In [1]:
import numpy as np
import matplotlib.pyplot as plt
import seaborn as sns

from sklearn.model_selection import train_test_split

# The import statements have changed - now need to import each part of the RATE calculation separately
from rate.models import BnnBinaryClassifier # The BNN model
from rate.projections import CovarianceProjection # The projection operator (can also use Pseudoinverse projection)
from rate.cross_validation import cross_validate_bnn # To cross-validate a BNN
from rate.importance import RATE2 # To calculate RATE values


For more information, please see:
  * https://github.com/tensorflow/community/blob/master/rfcs/20180907-contrib-sunset.md
  * https://github.com/tensorflow/addons
If you depend on functionality not listed there, please file an issue.



# Summary of changes

I have rewritten lots of the code (and will push it to Lorin's branch once we submit).

Most of the code is documented so look there first if you have any problems, but email me if something is not working. I have tried to put argument checks in to help explain the most common errors.

### The BNN models

The main changes are that the BNN models have been coded to match the scikit-learn API, so they have methods like
* fit
* predict
* predict_proba
* score

None of the model functions will work until fit is called (that is when the model actually gets constructed).

Another change is that the logit posterior calculation is now a method of the BNN model itself, so you calculate it using something like

`bnn = BnnBinaryClassifier()`

`bnn.fit(X_train, y_train)`

`M_F, V_F = bnn.logit_posterior(X_test)`

All these functions are documented in `models.py`.

### RATE calculation

This is now done by the `RATE2` function in `importance.py`. Pass it the logit posterior that you will already have comptued using the class method for the bnn. 

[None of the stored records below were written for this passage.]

(* Let $\mathbf{S}=\langle S;\to,\neg,{}^+,{}^-,1\rangle$ be a strong quasi-Wajsberg* algebra. For $x,y\in S$ define $0:=x\to x$, $x\oplus y:=\neg x\to y$ and $-x:=\neg x$. Then $g(\mathbf{S})=\langle S;\oplus,-,{}^+,{}^-,0,1\rangle$ is a strong quasi-MV* algebra (with $x\vee y:=(x^{+}\oplus(-x^{+}\oplus y^{+})^{+})\oplus(x^{-}\oplus(-x^{-}\oplus y^{-})^{+})$).
   Context: A quasi-Wajsberg* algebra is an algebra $\langle W;\to,\neg,{}^+,{}^-,1\rangle$ of type $\langle 2,1,1,1,0\rangle$ (${}^+,{}^-$ bind more tightly than $\neg$, which binds more tightly than $\to$) such that for all $x,y,z$: (1) $x\to y=\neg y\to\neg x$; (2) $(x\to 1)\to((y\to 1)\to z)=(y\to 1)\to((x\to 1)\to z)$; (3) $(1\to x)\to 1=1$; (4) $(z\to z)\to(x\to y)=x\to y$; (5) $(1\to 1)\to x^{+}=((1\to 1)\to x)^{+}=(x\to 1)\to 1$ and $(1\to 1)\to x^{-}=((1\to 1)\to x)^{-}=(x\to\neg 1)\to\neg 1$; (6) $x\to y=(y^{+}\to x^{-})\to(x^{+}\to y^{-})$; (7) $\neg(x\to y)=y\to x$; (8) $\neg\neg x=x$; (9) $(x\to(\neg x\to y))^{+}=x^{+}\to(\neg x^{+}\to y^{+})$; (10) $x\vee y=y\vee x$; (11) $x\vee(y\vee z)=(x\vee y)\vee z$; (12) $x\to(y\vee z)=(x\to y)\vee(x\to z)$; where $x\vee y:=((x^{+}\to y^{+})^{+}\to(\neg x)^{-})\to((y^{-}\to x^{-})^{-}\to x^{-})$. In a quasi-Wajsberg* algebra $x\to x$ does not depend on $x$. A strong quasi-Wajsberg* algebra is a quasi-Wajsberg* algebra satisfying $x^+=(1\to 1)\to x^+$ and $x^-=(1\to 1)\to x^-$. A quasi-MV* algebra is an algebra $\langle A;\oplus,-,{}^{+},{}^{-},0,1\rangle$ of type $\langle 2,1,1,1,0,0\rangle$ ($-1$ denotes $-(1)$) such that for all $x,y,z$: $x\oplus y=y\oplus x$; $(1\oplus x)\oplus(y\oplus(1\oplus z))=((1\oplus x)\oplus y)\oplus(1\oplus z)$; $(x\oplus 1)\oplus 1=1$; $(x\oplus y)\oplus 0=x\oplus y$; $x^{+}\oplus 0=(x\oplus 0)^{+}=1\oplus(-1\oplus x)$ and $x^{-}\oplus 0=(x\oplus 0)^{-}=-1\oplus(1\oplus x)$; $x\oplus y=(x^{+}\oplus y^{+})\oplus(x^{-}\oplus y^{-})$; $0=-0$; $x\oplus(-x)=0$; $-(x\oplus y)=(-x)\oplus(-y)$; $-(-x)=x$; $(-x\oplus(x\oplus y))^{+}=-x^{+}\oplus(x^{+}\oplus y^{+})$; $x\vee y=y\vee x$; $x\vee(y\vee z)=(x\vee y)\vee z$; $x\oplus(y\vee z)=(x\oplus y)\vee(x\oplus z)$, with $\vee$ as in the claim. A strong quasi-MV* algebra is a quasi-MV* algebra satisfying $x^+=x^+\oplus 0$ and $x^-=x^-\oplus 0$. *)

theory Defs
  imports Main
begin

text \<open>Algebras are given by their operations on the whole type 'a (the carrier).
  Quasi-Wajsberg* signature: imp (binary arrow), neg (negation), pl (x^+), mi (x^-), one (1).\<close>

definition qW_join :: "('a \<Rightarrow> 'a \<Rightarrow> 'a) \<Rightarrow> ('a \<Rightarrow> 'a) \<Rightarrow> ('a \<Rightarrow> 'a) \<Rightarrow> ('a \<Rightarrow> 'a) \<Rightarrow> 'a \<Rightarrow> 'a \<Rightarrow> 'a" where
  "qW_join imp neg pl mi x y =
     imp (imp (pl (imp (pl x) (pl y))) (mi (neg x)))
         (imp (mi (imp (mi y) (mi x))) (mi x))"

definition quasi_Wajsberg_star ::
  "('a \<Rightarrow> 'a \<Rightarrow> 'a) \<Rightarrow> ('a \<Rightarrow> 'a) \<Rightarrow> ('a \<Rightarrow> 'a) \<Rightarrow> ('a \<Rightarrow> 'a) \<Rightarrow> 'a \<Rightarrow> bool" where
  "quasi_Wajsberg_star imp neg pl mi one \<longleftrightarrow>
    (\<forall>x y. imp x y = imp (neg y) (neg x)) \<and>
    (\<forall>x y z. imp (imp x one) (imp (imp y one) z) = imp (imp y one) (imp (imp x one) z)) \<and>
    (\<forall>x. imp (imp one x) one = one) \<and>
    (\<forall>x y z. imp (imp z z) (imp x y) = imp x y) \<and>
    (\<forall>x. imp (imp one one) (pl x) = pl (imp (imp one one) x) \<and>
         pl (imp (imp one one) x) = imp (imp x one) one) \<and>
    (\<forall>x. imp (imp one one) (mi x) = mi (imp (imp one one) x) \<and>
         mi (imp (imp one one) x) = imp (imp x (neg one)) (neg one)) \<and>
    (\<forall>x y. imp x y = imp (imp (pl y) (mi x)) (imp (pl x) (mi y))) \<and>
    (\<forall>x y. neg (imp x y) = imp y x) \<and>
    (\<forall>x. neg (neg x) = x) \<and>
    (\<forall>x y. pl (imp x (imp (neg x) y)) = imp (pl x) (imp (neg (pl x)) (pl y))) \<and>
    (\<forall>x y. qW_join imp neg pl mi x y = qW_join imp neg pl mi y x) \<and>
    (\<forall>x y z. qW_join imp neg pl mi x (qW_join imp neg pl mi y z) =
             qW_join imp neg pl mi (qW_join imp neg pl mi x y) z) \<and>
    (\<forall>x y z. imp x (qW_join imp neg pl mi y z) =
             qW_join imp neg pl mi (imp x y) (imp x z))"

definition strong_quasi_Wajsberg_star ::
  "('a \<Rightarrow> 'a \<Rightarrow> 'a) \<Rightarrow> ('a \<Rightarrow> 'a) \<Rightarrow> ('a \<Rightarrow> 'a) \<Rightarrow> ('a \<Rightarrow> 'a) \<Rightarrow> 'a \<Rightarrow> bool" where
  "strong_quasi_Wajsberg_star imp neg pl mi one \<longleftrightarrow>
    quasi_Wajsberg_star imp neg pl mi one \<and>
    (\<forall>x. pl x = imp (imp one one) (pl x)) \<and>
    (\<forall>x. mi x = imp (imp one one) (mi x))"

definition qMV_join :: "('a \<Rightarrow> 'a \<Rightarrow> 'a) \<Rightarrow> ('a \<Rightarrow> 'a) \<Rightarrow> ('a \<Rightarrow> 'a) \<Rightarrow> ('a \<Rightarrow> 'a) \<Rightarrow> 'a \<Rightarrow> 'a \<Rightarrow> 'a" where
  "qMV_join opl mn pl mi x y =
     opl (opl (pl x) (pl (opl (mn (pl x)) (pl y))))
         (opl (mi x) (pl (opl (mn (mi x)) (mi y))))"

definition quasi_MV_star ::
  "('a \<Rightarrow> 'a \<Rightarrow> 'a) \<Rightarrow> ('a \<Rightarrow> 'a) \<Rightarrow> ('a \<Rightarrow> 'a) \<Rightarrow> ('a \<Rightarrow> 'a) \<Rightarrow> 'a \<Rightarrow> 'a \<Rightarrow> bool" where
  "quasi_MV_star opl mn pl mi zero one \<longleftrightarrow>
    (\<forall>x y. opl x y = opl y x) \<and>
    (\<forall>x y z. opl (opl one x) (opl y (opl one z)) = opl (opl (opl one x) y) (opl one z)) \<and>
    (\<forall>x. opl (opl x one) one = one) \<and>
    (\<forall>x y. opl (opl x y) zero = opl x y) \<and>
    (\<forall>x. opl (pl x) zero = pl (opl x zero) \<and> pl (opl x zero) = opl one (opl (mn one) x)) \<and>
    (\<forall>x. opl (mi x) zero = mi (opl x zero) \<and> mi (opl x zero) = opl (mn one) (opl one x)) \<and>
    (\<forall>x y. opl x y = opl (opl (pl x) (pl y)) (opl (mi x) (mi y))) \<and>
    zero = mn zero \<and>
    (\<forall>x. opl x (mn x) = zero) \<and>
    (\<forall>x y. mn (opl x y) = opl (mn x) (mn y)) \<and>
    (\<forall>x. mn (mn x) = x) \<and>
    (\<forall>x y. pl (opl (mn x) (opl x y)) = opl (mn (pl x)) (opl (pl x) (pl y))) \<and>
    (\<forall>x y. qMV_join opl mn pl mi x y = qMV_join opl mn pl mi y x) \<and>
    (\<forall>x y z. qMV_join opl mn pl mi x (qMV_join opl mn pl mi y z) =
             qMV_join opl mn pl mi (qMV_join opl mn pl mi x y) z) \<and>
    (\<forall>x y z. opl x (qMV_join opl mn pl mi y z) =
             qMV_join opl mn pl mi (opl x y) (opl x z))"

definition strong_quasi_MV_star ::
  "('a \<Rightarrow> 'a \<Rightarrow> 'a) \<Rightarrow> ('a \<Rightarrow> 'a) \<Rightarrow> ('a \<Rightarrow> 'a) \<Rightarrow> ('a \<Rightarrow> 'a) \<Rightarrow> 'a \<Rightarrow> 'a \<Rightarrow> bool" where
  "strong_quasi_MV_star opl mn pl mi zero one \<longleftrightarrow>
    quasi_MV_star opl mn pl mi zero one \<and>
    (\<forall>x. pl x = opl (pl x) zero) \<and>
    (\<forall>x. mi x = opl (mi x) zero)"

end

theory Submission
  imports Defs
begin

text \<open>Under the translation x \<oplus> y = \<not>x \<rightarrow> y every quasi-MV* axiom becomes a
  quasi-Wajsberg* axiom once negations are moved around with contraposition,
  \<not>(x \<rightarrow> y) = y \<rightarrow> x and \<not>\<not>x = x; the constant 0 = x \<rightarrow> x is 1 \<rightarrow> 1.
  Strongness makes 0 a left unit on the values of pl and mi. Besides giving the
  strong quasi-MV* axioms, this yields pl x = (x \<rightarrow> 1) \<rightarrow> 1 and
  mi x = (x \<rightarrow> \<not>1) \<rightarrow> \<not>1, hence \<not>(pl x) = mi (\<not>x); that exchange identifies the two
  joins and turns the decomposition of x \<rightarrow> y through pl and mi into that of x \<oplus> y.\<close>

locale quasi_Wajsberg =
  fixes imp :: "'a \<Rightarrow> 'a \<Rightarrow> 'a" and neg pl mi :: "'a \<Rightarrow> 'a" and one :: 'a
  assumes imp_contrapose: "imp x y = imp (neg y) (neg x)"
    and imp_one_exchange: "imp (imp x one) (imp (imp y one) z) = imp (imp y one) (imp (imp x one) z)"
    and one_imp_imp_one: "imp (imp one x) one = one"
    and imp_self_imp: "imp (imp z z) (imp x y) = imp x y"
    and imp_unit_pl: "imp (imp one one) (pl x) = pl (imp (imp one one) x)"
    and pl_imp_unit: "pl (imp (imp one one) x) = imp (imp x one) one"
    and imp_unit_mi: "imp (imp one one) (mi x) = mi (imp (imp one one) x)"
    and mi_imp_unit: "mi (imp (imp one one) x) = imp (imp x (neg one)) (neg one)"
    and imp_pl_mi: "imp x y = imp (imp (pl y) (mi x)) (imp (pl x) (mi y))"
    and neg_imp: "neg (imp x y) = imp y x"
    and neg_neg: "neg (neg x) = x"
    and pl_imp_neg_imp: "pl (imp x (imp (neg x) y)) = imp (pl x) (imp (neg (pl x)) (pl y))"
    and qW_join_commute: "qW_join imp neg pl mi x y = qW_join imp neg pl mi y x"
    and qW_join_assoc: "qW_join imp neg pl mi x (qW_join imp neg pl mi y z) =
                        qW_join imp neg pl mi (qW_join imp neg pl mi x y) z"
    and imp_qW_join_distrib: "imp x (qW_join imp neg pl mi y z) =
                              qW_join imp neg pl mi (imp x y) (imp x z)"

lemma quasi_Wajsberg_star_iff:
  "quasi_Wajsberg_star imp neg pl mi one \<longleftrightarrow> quasi_Wajsberg imp neg pl mi one"
  unfolding quasi_Wajsberg_star_def quasi_Wajsberg_def by (auto simp: all_conj_distrib)

context quasi_Wajsberg
begin

abbreviation oplus :: "'a \<Rightarrow> 'a \<Rightarrow> 'a" where
  "oplus x y \<equiv> imp (neg x) y"

abbreviation zero :: 'a where
  "zero \<equiv> imp one one"

lemma imp_self_eq: "imp x x = imp y y"
proof -
  have "imp x x = imp (imp y y) (imp x x)"
    by (rule imp_self_imp[symmetric])
  also have "\<dots> = neg (imp (imp x x) (imp y y))"
    by (rule neg_imp[symmetric])
  also have "\<dots> = neg (imp y y)"
    by (simp only: imp_self_imp)
  also have "\<dots> = imp y y"
    by (rule neg_imp)
  finally show ?thesis .
qed

lemma neg_zero: "neg zero = zero"
  by (rule neg_imp)

lemma imp_zero_right: "imp x zero = imp zero (neg x)"
  by (metis imp_contrapose neg_zero)

lemma oplus_commute: "oplus x y = oplus y x"
  by (metis imp_contrapose neg_neg)

lemma imp_one_left_exchange:
  "imp (imp one x) (imp (imp one y) z) = imp (imp one y) (imp (imp one x) z)"
proof -
  have flip: "imp (imp one p) (imp (imp one q) z) = imp (imp (imp q one) (neg z)) (imp p one)" for p q
    by (metis imp_contrapose neg_imp neg_neg)
  show ?thesis
    using imp_one_exchange[of x y "neg z"] by (metis flip neg_imp)
qed

lemma oplus_one_assoc:
  "oplus (oplus one x) (oplus y (oplus one z)) = oplus (oplus (oplus one x) y) (oplus one z)"
proof -
  have "oplus (oplus one x) (oplus y (oplus one z)) = imp (imp one (neg x)) (imp (imp one (neg z)) y)"
    by (metis imp_contrapose neg_imp neg_neg)
  moreover have "oplus (oplus (oplus one x) y) (oplus one z) = imp (imp one (neg z)) (imp (imp one (neg x)) y)"
    by (metis imp_contrapose neg_imp neg_neg)
  ultimately show ?thesis
    by (simp only: imp_one_left_exchange)
qed

lemma oplus_one_absorb: "oplus (oplus x one) one = one"
  by (simp add: neg_imp one_imp_imp_one)

lemma oplus_oplus_zero: "oplus (oplus x y) zero = oplus x y"
  by (simp add: imp_zero_right neg_neg imp_self_imp)

lemma oplus_zero_eq: "oplus x zero = imp zero x"
  by (simp add: imp_zero_right neg_neg)

lemma one_oplus_neg_one_oplus: "oplus one (oplus (neg one) x) = imp (imp x one) one"
  by (metis imp_contrapose neg_imp neg_neg)

lemma neg_one_oplus_one_oplus: "oplus (neg one) (oplus one x) = imp (imp x (neg one)) (neg one)"
  by (metis imp_contrapose neg_imp neg_neg)

lemma pl_oplus_zero:
  "oplus (pl x) zero = pl (oplus x zero)" "pl (oplus x zero) = oplus one (oplus (neg one) x)"
  by (simp_all only: oplus_zero_eq imp_unit_pl pl_imp_unit one_oplus_neg_one_oplus)

lemma mi_oplus_zero:
  "oplus (mi x) zero = mi (oplus x zero)" "mi (oplus x zero) = oplus (neg one) (oplus one x)"
  by (simp_all only: oplus_zero_eq imp_unit_mi mi_imp_unit neg_one_oplus_one_oplus)

lemma oplus_neg_self: "oplus x (neg x) = zero"
  by (rule imp_self_eq)

lemma neg_oplus: "neg (oplus x y) = oplus (neg x) (neg y)"
  by (metis imp_contrapose neg_imp neg_neg)

lemma pl_neg_oplus_oplus:
  "pl (oplus (neg x) (oplus x y)) = oplus (neg (pl x)) (oplus (pl x) (pl y))"
  by (simp add: neg_neg pl_imp_neg_imp)

end

locale strong_quasi_Wajsberg = quasi_Wajsberg +
  assumes imp_unit_pl_eq: "imp (imp one one) (pl x) = pl x"
    and imp_unit_mi_eq: "imp (imp one one) (mi x) = mi x"

lemma strong_quasi_Wajsberg_star_iff:
  "strong_quasi_Wajsberg_star imp neg pl mi one \<longleftrightarrow> strong_quasi_Wajsberg imp neg pl mi one"
  unfolding strong_quasi_Wajsberg_star_def strong_quasi_Wajsberg_def
    strong_quasi_Wajsberg_axioms_def quasi_Wajsberg_star_iff
  by auto

context strong_quasi_Wajsberg
begin

lemma pl_oplus_zero_eq: "oplus (pl x) zero = pl x"
  by (simp add: oplus_zero_eq imp_unit_pl_eq)

lemma mi_oplus_zero_eq: "oplus (mi x) zero = mi x"
  by (simp add: oplus_zero_eq imp_unit_mi_eq)

lemma pl_eq: "pl x = imp (imp x one) one"
  using pl_imp_unit imp_unit_pl imp_unit_pl_eq by metis

lemma mi_eq: "mi x = imp (imp x (neg one)) (neg one)"
  using mi_imp_unit imp_unit_mi imp_unit_mi_eq by metis

lemma neg_pl: "neg (pl x) = mi (neg x)"
  unfolding pl_eq mi_eq by (metis imp_contrapose neg_imp)

lemma neg_mi: "neg (mi x) = pl (neg x)"
  by (metis neg_pl neg_neg)

lemma oplus_pl_mi: "oplus x y = oplus (oplus (pl x) (pl y)) (oplus (mi x) (mi y))"
  using imp_pl_mi[of "neg x" y] by (simp add: neg_pl neg_mi neg_imp)

lemma qMV_join_eq_qW_join: "qMV_join oplus neg pl mi x y = qW_join imp neg pl mi x y"
  unfolding qMV_join_def qW_join_def
  by (metis imp_contrapose neg_imp neg_neg neg_pl)

lemma strong_quasi_MV_star_induced: "strong_quasi_MV_star oplus neg pl mi zero one"
  unfolding strong_quasi_MV_star_def quasi_MV_star_def qMV_join_eq_qW_join
  by (intro conjI allI;
      rule oplus_commute oplus_one_assoc oplus_one_absorb oplus_oplus_zero pl_oplus_zero
        mi_oplus_zero oplus_pl_mi neg_zero[symmetric] oplus_neg_self neg_oplus neg_neg
        pl_neg_oplus_oplus qW_join_commute qW_join_assoc imp_qW_join_distrib
        pl_oplus_zero_eq[symmetric] mi_oplus_zero_eq[symmetric])

end

theorem proposition3p5:
  fixes imp :: "'a \<Rightarrow> 'a \<Rightarrow> 'a" and neg pl mi :: "'a \<Rightarrow> 'a" and one :: 'a and u :: 'a
  assumes "strong_quasi_Wajsberg_star imp neg pl mi one"
  shows "strong_quasi_MV_star (\<lambda>x y. imp (neg x) y) neg pl mi (imp u u) one"
proof -
  interpret strong_quasi_Wajsberg imp neg pl mi one
    using assms by (simp add: strong_quasi_Wajsberg_star_iff)
  have "imp u u = imp one one"
    by (rule imp_self_eq)
  then show ?thesis
    using strong_quasi_MV_star_induced by simp
qed

end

This isn't the `RATE_V2` function you were working on a while ago, I just called it this to distinguish it from another older function in the Python code.

The projections are also implemented as their own objects: `CovarianceProjection` and `PseudoinverseProjection`.

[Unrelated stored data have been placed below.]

lemma spos_less_crossing:
  assumes "1 \<le> p" "p \<le> k" "r \<le> q - 1" "\<not> (r = q - 1 \<and> p = k)"
  shows "spos q (p - 1) < crossing r p"
proof -
  have r: "real r \<le> real q - 1"
    using assms(3) q_ge_2 by (simp add: of_nat_diff)
  have "real r * width < (real q - 1) * side q (Suc p)"
  proof (cases "p = k")
    case True
    then have "real r < real q - 1"
      using assms(3,4) q_ge_2 by (simp add: of_nat_diff)
    then show ?thesis
      using True width_pos by (simp add: width_def)
  next
    case False
    then have "real q * width \<le> side q (Suc p)"
      using side_antimono[OF q_ge_1] assms(2) side_k by (metis Suc_leI le_neq_implies_less)
    have "real r * width \<le> (real q - 1) * width"
      using r width_pos by (intro mult_right_mono) simp_all
    also have "\<dots> < (real q - 1) * (real q * width)"
      using q_ge_2 width_pos by (intro mult_strict_left_mono) simp_all
    also have "\<dots> \<le> (real q - 1) * side q (Suc p)"
      using \<open>real q * width \<le> side q (Suc p)\<close> q_ge_2 by (intro mult_left_mono) simp_all
    finally show ?thesis .
  qed
  moreover have "spos q p = spos q (p - 1) + real q * side q (Suc p)"
    using spos_Suc[of q "p - 1"] side_eq_mult_side_Suc[OF q_ge_1 assms(1)] assms(1) by simp
  ultimately show ?thesis
    unfolding crossing_def by (simp add: algebra_simps)
qed

lemma lap_exit_height_less_1: "r \<le> q - 1 \<Longrightarrow> real r * rise width + rise 1 < 1"
  using spos_less_crossing[of 1 r] k_ge_2 rise_pos rise_crossing_1[of r] by fastforce

lemma segment_initial: "trajectory_segment (spos q k, 0) (spos q (Suc k), rise width)"
  unfolding trajectory_segment_def
proof (intro conjI)
  show "clear_rectangle q (spos q k, 0) (spos q (Suc k), rise width)"
    using rise_less[OF width_pos] by (intro clear_rectangle_in_square[OF q_ge_1, of k]) (simp_all add: width_def)
qed (use width_pos in \<open>simp_all add: spos_Suc width_def\<close>)

lemma segment_across_square_1:
  assumes "r \<le> q - 1"
  shows "trajectory_segment (lap_start r 0) (lap_end r 0)"
  unfolding trajectory_segment_def
proof (intro conjI)
  show "clear_rectangle q (lap_start r 0) (lap_end r 0)"
    using lap_exit_height_less_1[OF assms] rise_pos[OF width_pos]
    by (intro clear_rectangle_in_square[OF q_ge_1, of 0]) (simp_all add: lap_start_def lap_end_def spos_Suc)
qed (simp_all add: lap_start_def lap_end_def)

lemma segment_to_top_of_square_1:
  assumes "r \<le> q - 1"
  shows "trajectory_segment (lap_start r 1) (lap_end r 1)"
proof -
  have "0 < crossing r 1"
    using spos_less_crossing[of 1 r] assms k_ge_2 by simp
  moreover have "crossing r 1 \<le> 1"
    using crossing_less_spos[of r 1] by (simp add: spos_Suc)
  ultimately show ?thesis
    unfolding trajectory_segment_def
    using k_ge_2 rise_crossing_1[of r] rise_pos[OF width_pos] rise_pos[of 1]
    by (auto simp: lap_start_def lap_end_def spos_Suc intro!: clear_rectangle_in_square[OF q_ge_1, of 0])
qed

lemma segment_through_two_squares:
  assumes "r \<le> q - 1" "p + 2 \<le> k"
  shows "trajectory_segment (lap_start r (p + 2)) (lap_end r (p + 2))"
proof -
  have "spos q p \<le> crossing r (Suc p)"
    using spos_less_crossing[of "Suc p" r] assms by simp
  moreover have "crossing r (Suc p) < crossing r (Suc (Suc p))"
    using side_pos[OF q_ge_1] q_ge_2 by (simp add: crossing_Suc)
  ultimately show ?thesis
    unfolding trajectory_segment_def
    using assms(2) crossing_less_spos[of r "Suc (Suc p)"] rise_crossing_Suc[of r "Suc p"]
    by (auto simp: lap_start_def lap_end_def intro!: clear_rectangle_in_two_squares[OF q_ge_1, of p])
qed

They are defined in `projections.py` and inherit from the `ProjectionBase` abstract class. You can define new projections - they just need a method called `esa_posterior` that calculates the effect size analogue posterior from a set of examples and a logit posteiror. This method is called internally by `RATE2` and it uses the `CovarianceProjection` by default.

### Mimic models

I have added a couple of arguments to `train_mimic` and changed how it works internally.

The arguments are now 

`train_mimic(mimic_model, bnn, x_train, y_train=None, x_test=None, n_mc_samples=100, return_time=False)`

The `mimic_model` can be any sklearn method that implements `fit`, so this includes any estimator (e.g. `RandomForestRegressor`) but also cross-validation objects (e.g. `RandomizedSearchCV`), meaning that you can
easily use a pre-specified mimic model or perform cross-validation. The returned mimic model is of the same type 
as the `mimic_model` passed as an argument (e.g. if you pass a `RandomizedSearchCV` you will get one back and then have to extract the model itsef from the `RandomizedSearchCV` object).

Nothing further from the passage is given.